__TASK GOAL__
Exactly the lines starting at the line containing "theory Submission" and ending at the line containing "of the Cartesian" are to be written out from the listing below, both included.

= = =

(* Let $G$ and $H$ be finite simple graphs with ${\rm diam}(G\diamond H)=2$. Then $$E((G\diamond H)_{SR})=TW(G\diamond H)\cup E(\overline{G}\,\Box\,\overline{H})\cup E(G\times\overline{H})\cup E(\overline{G}\times H),$$ where all these edge sets are viewed as sets of unordered pairs of elements of $V(G)\times V(H)$.
   Context: The modular product $G\diamond H$ has vertex set $V(G)\times V(H)$; distinct vertices $(g,h)$ and $(g',h')$ are adjacent iff ($g=g'$ and $hh'\in E(H)$), or ($gg'\in E(G)$ and $h=h'$), or ($gg'\in E(G)$ and $hh'\in E(H)$), or ($g\neq g'$, $h\neq h'$, $gg'\notin E(G)$ and $hh'\notin E(H)$). $\overline{X}$ is the complement of $X$. In the Cartesian product $A\Box B$, $(a,b)(a',b')$ is an edge iff ($a=a'$ and $bb'\in E(B)$) or ($aa'\in E(A)$ and $b=b'$); in the direct product $A\times B$ it is an edge iff $aa'\in E(A)$ and $bb'\in E(B)$. For a graph $X$, $TW(X)$ is the set of edges $uv$ of $X$ with $N_X[u]=N_X[v]$. Two distinct vertices $u,v$ of $X$ in the same component are mutually maximally distant if there is no $x\in N_X(u)$ with $d_X(x,v)=d_X(u,v)+1$ and no $y\in N_X(v)$ with $d_X(y,u)=d_X(u,v)+1$; the strong resolving graph $X_{SR}$ has as edges exactly the mutually maximally distant pairs. *)

theory Defs
  imports Main "HOL-Library.Extended_Nat"
begin

definition finite_simple_graph :: "'a set \<Rightarrow> 'a set set \<Rightarrow> bool" where
  "finite_simple_graph V E \<longleftrightarrow> finite V \<and>
     (\<forall>e\<in>E. \<exists>u v. u \<in> V \<and> v \<in> V \<and> u \<noteq> v \<and> e = {u, v})"

definition edge_rel :: "'a set set \<Rightarrow> ('a \<times> 'a) set" where
  "edge_rel E = {(u, v). u \<noteq> v \<and> {u, v} \<in> E}"

text \<open>Distance: length of a shortest walk; infinity if none.\<close>
definition gdist :: "'a set set \<Rightarrow> 'a \<Rightarrow> 'a \<Rightarrow> enat" where
  "gdist E u v = (INF n \<in> {n. (u, v) \<in> (edge_rel E) ^^ n}. enat n)"

definition diam :: "'a set \<Rightarrow> 'a set set \<Rightarrow> enat" where
  "diam V E = (SUP u \<in> V. SUP v \<in> V. gdist E u v)"

definition open_nbhd :: "'a set set \<Rightarrow> 'a \<Rightarrow> 'a set" where
  "open_nbhd E u = {v. v \<noteq> u \<and> {u, v} \<in> E}"

definition closed_nbhd :: "'a set set \<Rightarrow> 'a \<Rightarrow> 'a set" where
  "closed_nbhd E u = insert u (open_nbhd E u)"

definition TW :: "'a set set \<Rightarrow> 'a set set" where
  "TW E = {{u, v} | u v. u \<noteq> v \<and> {u, v} \<in> E \<and> closed_nbhd E u = closed_nbhd E v}"

definition mutually_maximally_distant :: "'a set \<Rightarrow> 'a set set \<Rightarrow> 'a \<Rightarrow> 'a \<Rightarrow> bool" where
  "mutually_maximally_distant V E u v \<longleftrightarrow>
     u \<in> V \<and> v \<in> V \<and> u \<noteq> v \<and> gdist E u v \<noteq> \<infinity> \<and>
     \<not> (\<exists>x \<in> open_nbhd E u. gdist E x v = gdist E u v + 1) \<and>
     \<not> (\<exists>y \<in> open_nbhd E v. gdist E y u = gdist E u v + 1)"

definition SR_edges :: "'a set \<Rightarrow> 'a set set \<Rightarrow> 'a set set" where
  "SR_edges V E = {{u, v} | u v. mutually_maximally_distant V E u v}"

definition compl_edges :: "'a set \<Rightarrow> 'a set set \<Rightarrow> 'a set set" where
  "compl_edges V E = {{u, v} | u v. u \<in> V \<and> v \<in> V \<and> u \<noteq> v \<and> {u, v} \<notin> E}"

definition modular_edges ::
  "'a set \<Rightarrow> 'a set set \<Rightarrow> 'b set \<Rightarrow> 'b set set \<Rightarrow> ('a \<times> 'b) set set" where
  "modular_edges VG EG VH EH =
     {{(g, h), (g', h')} | g h g' h'. g \<in> VG \<and> g' \<in> VG \<and> h \<in> VH \<and> h' \<in> VH \<and>
        (g, h) \<noteq> (g', h') \<and>
        ((g = g' \<and> {h, h'} \<in> EH) \<or> ({g, g'} \<in> EG \<and> h = h') \<or>
         ({g, g'} \<in> EG \<and> {h, h'} \<in> EH) \<or>
         (g \<noteq> g' \<and> h \<noteq> h' \<and> {g, g'} \<notin> EG \<and> {h, h'} \<notin> EH))}"

definition cartesian_edges ::
  "'a set \<Rightarrow> 'a set set \<Rightarrow> 'b set \<Rightarrow> 'b set set \<Rightarrow> ('a \<times> 'b) set set" where
  "cartesian_edges VA EA VB EB =
     {{(a, b), (a', b')} | a b a' b'. a \<in> VA \<and> a' \<in> VA \<and> b \<in> VB \<and> b' \<in> VB \<and>
        ((a = a' \<and> {b, b'} \<in> EB) \<or> ({a, a'} \<in> EA \<and> b = b'))}"

definition direct_edges ::
  "'a set \<Rightarrow> 'a set set \<Rightarrow> 'b set \<Rightarrow> 'b set set \<Rightarrow> ('a \<times> 'b) set set" where
  "direct_edges VA EA VB EB =
     {{(a, b), (a', b')} | a b a' b'. a \<in> VA \<and> a' \<in> VA \<and> b \<in> VB \<and> b' \<in> VB \<and>
        {a, a'} \<in> EA \<and> {b, b'} \<in> EB}"

end

theory Submission
  imports Defs
begin

text \<open>In a graph of diameter at most 2, every pair of non-adjacent vertices is at the maximum
  distance 2, so it is mutually maximally distant; an adjacent pair is mutually maximally distant
  iff no neighbour of one end is at distance 2 from the other, i.e. iff the two ends are true twins.
  Hence the strong resolving graph consists of the twin edges together with the complement.
  For the modular product, a pair of distinct vertices is non-adjacent exactly when it is an edge
  of the Cartesian product of the complements or of one of the two mixed direct products.\<close>

lemma gdist_le_walk_length: "(u, v) \<in> edge_rel E ^^ n \<Longrightarrow> gdist E u v \<le> enat n"
  unfolding gdist_def by (rule INF_lower2[of n]) auto

lemma gdist_refl [simp]: "gdist E u u = 0"
  using gdist_le_walk_length[where n=0 and u=u and v=u and E=E]
  by (simp add: zero_enat_def[symmetric])

lemma gdist_ge_2:
  assumes "u \<noteq> v" "{u, v} \<notin> E"
  shows "2 \<le> gdist E u v"
  unfolding gdist_def
proof (rule INF_greatest)
  fix n assume "n \<in> {n. (u, v) \<in> edge_rel E ^^ n}"
  with assms have "n \<noteq> 0" by (cases n) auto
  moreover from \<open>n \<in> _\<close> assms have "n \<noteq> 1" by (auto simp: edge_rel_def)
  ultimately show "2 \<le> enat n" by (simp add: numeral_eq_enat)
qed

lemma gdist_adjacent:
  assumes "u \<noteq> v" "{u, v} \<in> E"
  shows "gdist E u v = 1"
proof (rule antisym)
  have "(u, v) \<in> edge_rel E ^^ 1" using assms by (simp add: edge_rel_def)
  then show "gdist E u v \<le> 1" using gdist_le_walk_length by (fastforce simp: one_enat_def)
  show "1 \<le> gdist E u v"
    unfolding gdist_def
  proof (rule INF_greatest)
    fix n assume "n \<in> {n. (u, v) \<in> edge_rel E ^^ n}"
    with assms have "n \<noteq> 0" by (cases n) auto
    then show "1 \<le> enat n" by (simp add: one_enat_def)
  qed
qed

lemma gdist_le_diam: "u \<in> V \<Longrightarrow> v \<in> V \<Longrightarrow> gdist E u v \<le> diam V E"
  unfolding diam_def by (blast intro: SUP_upper2)

lemma gdist_diam_le_2:
  assumes "diam V E \<le> 2" "u \<in> V" "v \<in> V"
  shows "gdist E u v = (if u = v then 0 else if {u, v} \<in> E then 1 else 2)"
proof -
  have "gdist E u v \<le> 2" using gdist_le_diam[OF assms(2,3), of E] assms(1) by order
  then show ?thesis using gdist_ge_2[of u v E] gdist_adjacent[of u v E] by auto
qed

lemma gdist_eq_2_iff_not_closed_nbhd:
  assumes "diam V E \<le> 2" "u \<in> V" "v \<in> V"
  shows "gdist E u v = 2 \<longleftrightarrow> u \<notin> closed_nbhd E v"
  using gdist_diam_le_2[OF assms]
  by (auto simp: closed_nbhd_def open_nbhd_def insert_commute)

lemma closed_nbhd_eq_iff_open_nbhd_subset:
  assumes "u \<noteq> v" "{u, v} \<in> E"
  shows "closed_nbhd E u = closed_nbhd E v \<longleftrightarrow>
           open_nbhd E u \<subseteq> closed_nbhd E v \<and> open_nbhd E v \<subseteq> closed_nbhd E u"
  using assms by (auto simp: closed_nbhd_def open_nbhd_def insert_commute)

lemma mutually_maximally_distant_diam_le_2:
  assumes edges_in: "\<And>u v. {u, v} \<in> E \<Longrightarrow> u \<in> V" and diam: "diam V E \<le> 2"
  shows "mutually_maximally_distant V E u v \<longleftrightarrow>
           u \<in> V \<and> v \<in> V \<and> u \<noteq> v \<and> ({u, v} \<in> E \<longrightarrow> closed_nbhd E u = closed_nbhd E v)"
proof (cases "u \<in> V \<and> v \<in> V \<and> u \<noteq> v")
  case False
  then show ?thesis by (auto simp: mutually_maximally_distant_def)
next
  case True
  then have u: "u \<in> V" and v: "v \<in> V" and "u \<noteq> v" by auto
  have nbhd_in: "open_nbhd E w \<subseteq> V" for w
    using edges_in by (auto simp: open_nbhd_def insert_commute)
  have no_far_nbr:
    "\<not> (\<exists>x \<in> open_nbhd E w. gdist E x z = 2) \<longleftrightarrow> open_nbhd E w \<subseteq> closed_nbhd E z"
    if "z \<in> V" for w z
    using gdist_eq_2_iff_not_closed_nbhd[OF diam _ that] nbhd_in by blast
  show ?thesis
  proof (cases "{u, v} \<in> E")
    case True
    then have "gdist E u v = 1"
      using gdist_diam_le_2[OF diam u v] \<open>u \<noteq> v\<close> by simp
    then show ?thesis
      using no_far_nbr[OF u, of v] no_far_nbr[OF v, of u] u v \<open>u \<noteq> v\<close> True
        closed_nbhd_eq_iff_open_nbhd_subset[OF \<open>u \<noteq> v\<close> True]
      by (simp add: mutually_maximally_distant_def one_add_one)
  next
    case False
    then have "gdist E u v = 2"
      using gdist_diam_le_2[OF diam u v] \<open>u \<noteq> v\<close> by simp
    moreover have "gdist E x y \<noteq> 2 + 1" if "x \<in> V" "y \<in> V" for x y
      using gdist_diam_le_2[OF diam that] by simp
    ultimately show ?thesis
      using nbhd_in u v \<open>u \<noteq> v\<close> False
      by (auto simp: mutually_maximally_distant_def)
  qed
qed

lemma SR_edges_diam_le_2:
  assumes "\<And>u v. {u, v} \<in> E \<Longrightarrow> u \<in> V" and "diam V E \<le> 2"
  shows "SR_edges V E = TW E \<union> compl_edges V E"
proof -
  have "SR_edges V E = {{u, v} |u v. u \<in> V \<and> v \<in> V \<and> u \<noteq> v \<and>
                         ({u, v} \<in> E \<longrightarrow> closed_nbhd E u = closed_nbhd E v)}"
    unfolding SR_edges_def by (simp only: mutually_maximally_distant_diam_le_2[OF assms])
  also have "\<dots> = TW E \<union> compl_edges V E"
  proof -
    have "u \<in> V \<and> v \<in> V" if "{u, v} \<in> E" for u v
      using assms(1)[OF that] assms(1)[of v u] that by (simp add: insert_commute)
    then show ?thesis unfolding TW_def compl_edges_def by blast
  qed
  finally show ?thesis .
qed

lemma doubletons_over_product:
  "{{u, v} |u v. u \<in> A \<times> B \<and> v \<in> A \<times> B \<and> P u v} =
   {{(a, b), (a', b')} |a b a' b'. a \<in> A \<and> a' \<in> A \<and> b \<in> B \<and> b' \<in> B \<and> P (a, b) (a', b')}"
  by auto

lemma finite_simple_graph_no_loop:
  assumes "finite_simple_graph V E"
  shows "{a} \<notin> E"
proof
  assume "{a} \<in> E"
  then obtain u v where "u \<noteq> v" "{a} = {u, v}"
    using assms unfolding finite_simple_graph_def by blast
  then show False by (metis insertCI singletonD)
qed

lemma doubleton_in_compl_edges_iff:
  "{x, y} \<in> compl_edges V E \<longleftrightarrow> x \<in> V \<and> y \<in> V \<and> x \<noteq> y \<and> {x, y} \<notin> E"
  unfolding compl_edges_def by (auto simp: doubleton_eq_iff insert_commute)

lemma doubleton_in_modular_edges_iff:
  "{(g, h), (g', h')} \<in> modular_edges VG EG VH EH \<longleftrightarrow>
     g \<in> VG \<and> g' \<in> VG \<and> h \<in> VH \<and> h' \<in> VH \<and> (g, h) \<noteq> (g', h') \<and>
     ((g = g' \<and> {h, h'} \<in> EH) \<or> ({g, g'} \<in> EG \<and> h = h') \<or>
      ({g, g'} \<in> EG \<and> {h, h'} \<in> EH) \<or>
      (g \<noteq> g' \<and> h \<noteq> h' \<and> {g, g'} \<notin> EG \<and> {h, h'} \<notin> EH))"
  (is "_ \<longleftrightarrow> ?adj g h g' h'")
proof
  have sym: "?adj g h g' h' \<longleftrightarrow> ?adj g' h' g h" for g h g' h'
    by (auto simp: insert_commute)
  assume "{(g, h), (g', h')} \<in> modular_edges VG EG VH EH"
  then obtain a b a' b' where eq: "{(g, h), (g', h')} = {(a, b), (a', b')}" and "?adj a b a' b'"
    unfolding modular_edges_def by blast
  moreover from eq have
    "(g, h) = (a, b) \<and> (g', h') = (a', b') \<or> (g, h) = (a', b') \<and> (g', h') = (a, b)"
    by (simp add: doubleton_eq_iff)
  ultimately show "?adj g h g' h'" using sym by blast
next
  assume "?adj g h g' h'"
  then show "{(g, h), (g', h')} \<in> modular_edges VG EG VH EH"
    unfolding modular_edges_def by blast
qed

lemma modular_edges_in_product:
  "{u, v} \<in> modular_edges VG EG VH EH \<Longrightarrow> u \<in> VG \<times> VH"
  using doubleton_in_modular_edges_iff[of "fst u" "snd u" "fst v" "snd v"]
  by (simp add: mem_Times_iff)

lemma compl_edges_modular_product:
  assumes "finite_simple_graph VG EG" and "finite_simple_graph VH EH"
  shows "compl_edges (VG \<times> VH) (modular_edges VG EG VH EH) =
           cartesian_edges VG (compl_edges VG EG) VH (compl_edges VH EH)
           \<union> direct_edges VG EG VH (compl_edges VH EH)
           \<union> direct_edges VG (compl_edges VG EG) VH EH"
proof -
  define nonadj where "nonadj a b a' b' \<longleftrightarrow>
      (a = a' \<and> b \<noteq> b' \<and> {b, b'} \<notin> EH) \<or> (a \<noteq> a' \<and> {a, a'} \<notin> EG \<and> b = b') \<or>
      ({a, a'} \<in> EG \<and> b \<noteq> b' \<and> {b, b'} \<notin> EH) \<or> (a \<noteq> a' \<and> {a, a'} \<notin> EG \<and> {b, b'} \<in> EH)"
    for a b a' b'
  have "compl_edges (VG \<times> VH) (modular_edges VG EG VH EH) =
          {{(a, b), (a', b')} |a b a' b'.
             a \<in> VG \<and> a' \<in> VG \<and> b \<in> VH \<and> b' \<in> VH \<and> nonadj a b a' b'}"
  proof -
    have "a \<in> VG \<and> a' \<in> VG \<and> b \<in> VH \<and> b' \<in> VH \<and>
          (a, b) \<noteq> (a', b') \<and> {(a, b), (a', b')} \<notin> modular_edges VG EG VH EH \<longleftrightarrow>
          a \<in> VG \<and> a' \<in> VG \<and> b \<in> VH \<and> b' \<in> VH \<and> nonadj a b a' b'" for a b a' b'
      using finite_simple_graph_no_loop[OF assms(1), of a]
        finite_simple_graph_no_loop[OF assms(2), of b]
      unfolding doubleton_in_modular_edges_iff nonadj_def by auto
    then show ?thesis
      unfolding compl_edges_def doubletons_over_product by (simp only:)
  qed
  also have "\<dots> = cartesian_edges VG (compl_edges VG EG) VH (compl_edges VH EH)
           \<union> direct_edges VG EG VH (compl_edges VH EH)
           \<union> direct_edges VG (compl_edges VG EG) VH EH"
    unfolding cartesian_edges_def direct_edges_def doubleton_in_compl_edges_iff nonadj_def
    by blast
  finally show ?thesis .
qed

theorem mainTheorem7:
  fixes VG :: "'a set" and EG :: "'a set set" and VH :: "'b set" and EH :: "'b set set"
  assumes "finite_simple_graph VG EG" and "finite_simple_graph VH EH"
    and "diam (VG \<times> VH) (modular_edges VG EG VH EH) = 2"
  shows "SR_edges (VG \<times> VH) (modular_edges VG EG VH EH) =
           TW (modular_edges VG EG VH EH)
           \<union> cartesian_edges VG (compl_edges VG EG) VH (compl_edges VH EH)
           \<union> direct_edges VG EG VH (compl_edges VH EH)
           \<union> direct_edges VG (compl_edges VG EG) VH EH"
proof -
  have "diam (VG \<times> VH) (modular_edges VG EG VH EH) \<le> 2"
    using assms(3) by simp
  with modular_edges_in_product have "SR_edges (VG \<times> VH) (modular_edges VG EG VH EH) =
          TW (modular_edges VG EG VH EH) \<union> compl_edges (VG \<times> VH) (modular_edges VG EG VH EH)"
    by (rule SR_edges_diam_le_2)
  then show ?thesis
    using compl_edges_modular_product[OF assms(1,2)] by (simp add: Un_assoc)
qed

end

= = =

__COMPLETED TASK__
theory Submission
  imports Defs
begin

text \<open>In a graph of diameter at most 2, every pair of non-adjacent vertices is at the maximum
  distance 2, so it is mutually maximally distant; an adjacent pair is mutually maximally distant
  iff no neighbour of one end is at distance 2 from the other, i.e. iff the two ends are true twins.
  Hence the strong resolving graph consists of the twin edges together with the complement.
  For the modular product, a pair of distinct vertices is non-adjacent exactly when it is an edge
  of the Cartesian product of the complements or of one of the two mixed direct products.\<close>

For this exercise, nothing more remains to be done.